The bug project is a mandatory annual assignment for freshmen that involves catching fifteen bugs of different orders, such as diptera and hymenoptera, labeling the location where they are found, identifying them, pinning them in a professional manner, and creating a picture album of the bugs. Because students need to catch a variety of bugs, the bug project is challenging. However, it allows students to actively engage with nature and learn more about bugs and their orders.
In addition, those who were previously afraid of bugs are now able to get closer to bugs and realize that not all bugs are harmful.
Christine Park, a freshmen who is currently participating in the bug project, told JSR, “I learned to not be scared of bugs… I was scared of bugs and didn’t really like them [before], but I later got used to them after catching so many [bugs].”
The bug project also aims to educate students about the rapid disappearance of animals such as bees and monarch butterflies, the latter of which have declined by 90% in the last 20 years. To prevent contributing to this decrease, teachers prohibit students from catching bugs in protected areas such as national forests or state and local parks.

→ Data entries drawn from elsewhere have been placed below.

lemma gamma_relation_via_cent:
  "gamma_relation (gen XA) (gen XB) (sc (q + qi) * cent_C) =
     sc (q^2 - qi^2) * (sc q * gen XB * commut cent_C (gen XA) - sc qi * commut cent_C (gen XA) * gen XB)
     + sc ((q^2 - qi^2) * qi) * (commut cent_C (gen XA) * gen XB + gen XA * commut cent_C (gen XB)
         - commut cent_C (gen XB) * gen XA - gen XB * commut cent_C (gen XA))
     - sc ((q^2 - qi^2)^2) * commut cent_A (gen XA)"
  unfolding gamma_relation_def cent_def commut_def
  by (rule freealg_eq_wordwise[where n = 5], simp add: word_coeff_simps, use q_qi s_inv in algebra)

lemma commut_cent_A_image_A:
  "commut (cent (gen YA) (gen YB) C_via_gamma) (gen YA) =
     sc (s * k) * (sc q * gen YB * commut (gen YG) (gen YA)
       - sc qi * (commut (gen YG) (gen YB * gen YA) - gen YA * commut (gen YG) (gen YB)))
     - sc (s * s) * gamma_relation (gen YA) (gen YB) (gen YG)"
  unfolding gamma_relation_def cent_def C_via_gamma_def commut_def
  by (rule freealg_eq_wordwise[where n = 5], simp add: word_coeff_simps, use q_qi s_inv k_inv in algebra)

lemma commut_cent_A_image_B:
  "commut (cent (gen YA) (gen YB) C_via_gamma) (gen YB) =
     sc (s * k) * (sc q * gen YB * commut (gen YG) (gen YB) - sc qi * commut (gen YG) (gen YB) * gen YB)
     - sc (s * s) * tridiag (gen YB) (gen YA)"
  unfolding tridiag_def cent_def C_via_gamma_def commut_def
  by (rule freealg_eq_wordwise[where n = 5], simp add: word_coeff_simps, use q_qi s_inv k_inv in algebra)

lemma commut_cent_B_image_A:
  "commut (cent (gen YB) C_via_gamma (gen YA)) (gen YA) =
     sc (s * k) * (sc q * commut (gen YG) (gen YA) * gen YA - sc qi * gen YA * commut (gen YG) (gen YA))
     - sc (s * s) * tridiag (gen YA) (gen YB)"
  unfolding tridiag_def cent_def C_via_gamma_def commut_def
  by (rule freealg_eq_wordwise[where n = 5], simp add: word_coeff_simps, use q_qi s_inv k_inv in algebra)

lemma commut_cent_B_image_B:
  "commut (cent (gen YB) C_via_gamma (gen YA)) (gen YB) =
     sc (s * k) * (sc q * (commut (gen YG) (gen YA * gen YB) - gen YB * commut (gen YG) (gen YA))
       - sc qi * gen YA * commut (gen YG) (gen YB))
     + sc (s * s) * gamma_relation (gen YA) (gen YB) (gen YG)"
  unfolding gamma_relation_def cent_def C_via_gamma_def commut_def
  by (rule freealg_eq_wordwise[where n = 5], simp add: word_coeff_simps, use q_qi s_inv k_inv in algebra)

lemma fsubst_inverse_maps:
  "fsubst pres_to_delta (fsubst delta_to_pres p) = p" "fsubst delta_to_pres (fsubst pres_to_delta r) = r"
proof -
  have "(\<lambda>x. fsubst pres_to_delta (delta_to_pres x)) = gen"
  proof
    fix x show "fsubst pres_to_delta (delta_to_pres x) = gen x"
      by (cases x) (simp_all add: delta_to_pres_def pres_to_delta_def pres_to_delta_C_via_gamma fsubst_gen)
  qed
  then show "fsubst pres_to_delta (fsubst delta_to_pres p) = p"
    by (simp add: fsubst_fsubst fsubst_gen_id)
  have "(\<lambda>y. fsubst delta_to_pres (pres_to_delta y)) = gen"
  proof
    fix y show "fsubst delta_to_pres (pres_to_delta y) = gen y"
      by (cases y) (simp_all add: pres_to_delta_def delta_to_pres_def delta_to_pres_gamma fsubst_gen)
  qed
  then show "fsubst delta_to_pres (fsubst pres_to_delta r) = r"
    by (simp add: fsubst_fsubst fsubst_gen_id)
qed

lemma pres_to_delta_relations:
  assumes "r \<in> pres_relations"
  shows "fsubst pres_to_delta r \<in> ideal_gen delta_relations"
proof -
  have cent: "commut z (gen x) \<in> ideal_gen delta_relations" if "z \<in> {cent_A, cent_B, cent_C}" for z x
    using that by (intro ideal_gen_generator) (auto simp: delta_relations_def)
  have gamma: "commut (sc (q + qi) * cent_C) (gen x) \<in> ideal_gen delta_relations" for x
    by (simp add: commut_sc_left cent ideal_gen_mult_left)
  have "fsubst pres_to_delta r \<in> {tridiag (gen XA) (gen XB), tridiag (gen XB) (gen XA),
      gamma_relation (gen XA) (gen XB) (sc (q + qi) * cent_C),
      commut (sc (q + qi) * cent_C) (gen XA), commut (sc (q + qi) * cent_C) (gen XB)}"
    using assms by (auto simp: pres_relations_def fsubst_simps fsubst_tridiag fsubst_gamma_relation
        pres_to_delta_def)
  then show ?thesis
    unfolding tridiag_A_via_cent tridiag_B_via_cent gamma_relation_via_cent
    by (elim insertE emptyE; simp only:; blast intro: ideal_gen_closed cent gamma)
qed

lemma pres_relations_in_ideal:
  "tridiag (gen YA) (gen YB) \<in> ideal_gen pres_relations"
  "tridiag (gen YB) (gen YA) \<in> ideal_gen pres_relations"
  "gamma_relation (gen YA) (gen YB) (gen YG) \<in> ideal_gen pres_relations"
  "commut (gen YG) (gen YA) \<in> ideal_gen pres_relations"
  "commut (gen YG) (gen YB) \<in> ideal_gen pres_relations"
  by (rule ideal_gen_generator, simp add: pres_relations_def)+

lemma delta_to_pres_relations:
  assumes "d \<in> delta_relations"
  shows "fsubst delta_to_pres d \<in> ideal_gen pres_relations"
proof -
  let ?J = "ideal_gen pres_relations"
  have gen_YG_central: "commut (gen YG) p \<in> ?J" for p
  proof (rule commut_in_ideal_gen_if_generators)
    fix y show "commut (gen YG) (gen y) \<in> ?J"
      by (cases y) (simp_all add: pres_relations_in_ideal ideal_gen.zero)
  qed
  have cent_A_image_central: "commut (cent (gen YA) (gen YB) C_via_gamma) p \<in> ?J" for p
  proof (rule commut_in_ideal_gen_if_generators)
    fix y show "commut (cent (gen YA) (gen YB) C_via_gamma) (gen y) \<in> ?J"
      by (cases y; simp only: commut_cent_A_image_A commut_cent_A_image_B;
          blast intro: ideal_gen_closed gen_YG_central pres_relations_in_ideal commut_in_ideal_gen_swap)
  qed
  have cent_B_image_central: "commut (cent (gen YB) C_via_gamma (gen YA)) p \<in> ?J" for p
  proof (rule commut_in_ideal_gen_if_generators)
    fix y show "commut (cent (gen YB) C_via_gamma (gen YA)) (gen y) \<in> ?J"
      by (cases y; simp only: commut_cent_B_image_A commut_cent_B_image_B;
          blast intro: ideal_gen_closed gen_YG_central pres_relations_in_ideal commut_in_ideal_gen_swap)
  qed
  have cent_C_image_central: "commut (cent C_via_gamma (gen YA) (gen YB)) p \<in> ?J" for p
    by (simp add: cent_C_via_gamma commut_sc_left gen_YG_central ideal_gen_mult_left)
  from assms show ?thesis
    by (auto simp: delta_relations_def fsubst_simps fsubst_cent delta_to_pres_def
        cent_A_image_central cent_B_image_central cent_C_image_central)
qed
(* Let $G$ be a second countable locally compact group, $\Omega$ a homogeneous space of $G$, $F$ a closed subgroup of $G$, and $y\in\Omega$ such that $\overline{Fy}$ is a compact $F$-minimal subset of $\Omega$ but $F/(F\cap G_y)$ is not compact (equivalently $Fy$ is not compact). Then the identity $e$ lies in the closure of $\{g\in G\setminus F: gy\in Fy\}$.
   Context: $G_y=\{h\in G: hy=y\}$ is the stabilizer of $y$. For a closed subgroup $F\subset G$, a closed $F$-invariant subset $Y\subset\Omega$ is called $F$-minimal if it contains no proper nonempty closed $F$-invariant subset, i.e. $Fy$ is dense in $Y$ for every $y\in Y$. *)

theory Defs
  imports "HOL-Analysis.Analysis"
begin

text \<open>Groups are written additively (class group_add, which is NOT assumed commutative):
  0 is the identity e, a + b is the product ab, - a the inverse.\<close>

definition topological_group :: "'g::{group_add,topological_space} itself \<Rightarrow> bool" where
  "topological_group _ \<longleftrightarrow>
     continuous_on UNIV (\<lambda>p::'g \<times> 'g. fst p + snd p) \<and> continuous_on UNIV (uminus :: 'g \<Rightarrow> 'g)"

definition closed_subgroup :: "'g::{group_add,topological_space} set \<Rightarrow> bool" where
  "closed_subgroup F \<longleftrightarrow> closed F \<and> 0 \<in> F \<and> (\<forall>a\<in>F. \<forall>b\<in>F. a + b \<in> F) \<and> (\<forall>a\<in>F. - a \<in> F)"

text \<open>Omega is a homogeneous space of G: a Hausdorff space with a continuous transitive
  G-action such that the orbit maps g \<mapsto> g x are open (so that G/G_x \<cong> Omega).\<close>
definition homogeneous_space :: "('g::{group_add,topological_space} \<Rightarrow> 'o::topological_space \<Rightarrow> 'o) \<Rightarrow> bool" where
  "homogeneous_space act \<longleftrightarrow>
     (\<forall>x. act 0 x = x) \<and> (\<forall>a b x. act (a + b) x = act a (act b x)) \<and>
     continuous_on UNIV (\<lambda>p. act (fst p) (snd p)) \<and>
     (\<forall>x z. \<exists>g. act g x = z) \<and>
     (\<forall>x U. open U \<longrightarrow> open ((\<lambda>g. act g x) ` U))"

definition stabilizer :: "('g \<Rightarrow> 'o \<Rightarrow> 'o) \<Rightarrow> 'o \<Rightarrow> 'g set" where
  "stabilizer act y = {h. act h y = y}"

Students who have finished the bug project admit that the bug project, which was at first stressful, was one of the most memorable projects they have done.
Lawrence Yi, a sophomore who completed the project, said, “Now when I walk by, I notice bugs more often… [when I now] see a weird bug that I never knew about before, I know what the bug is and also its order… Also, I barely get scared of bugs anymore after pinning so many bugs.”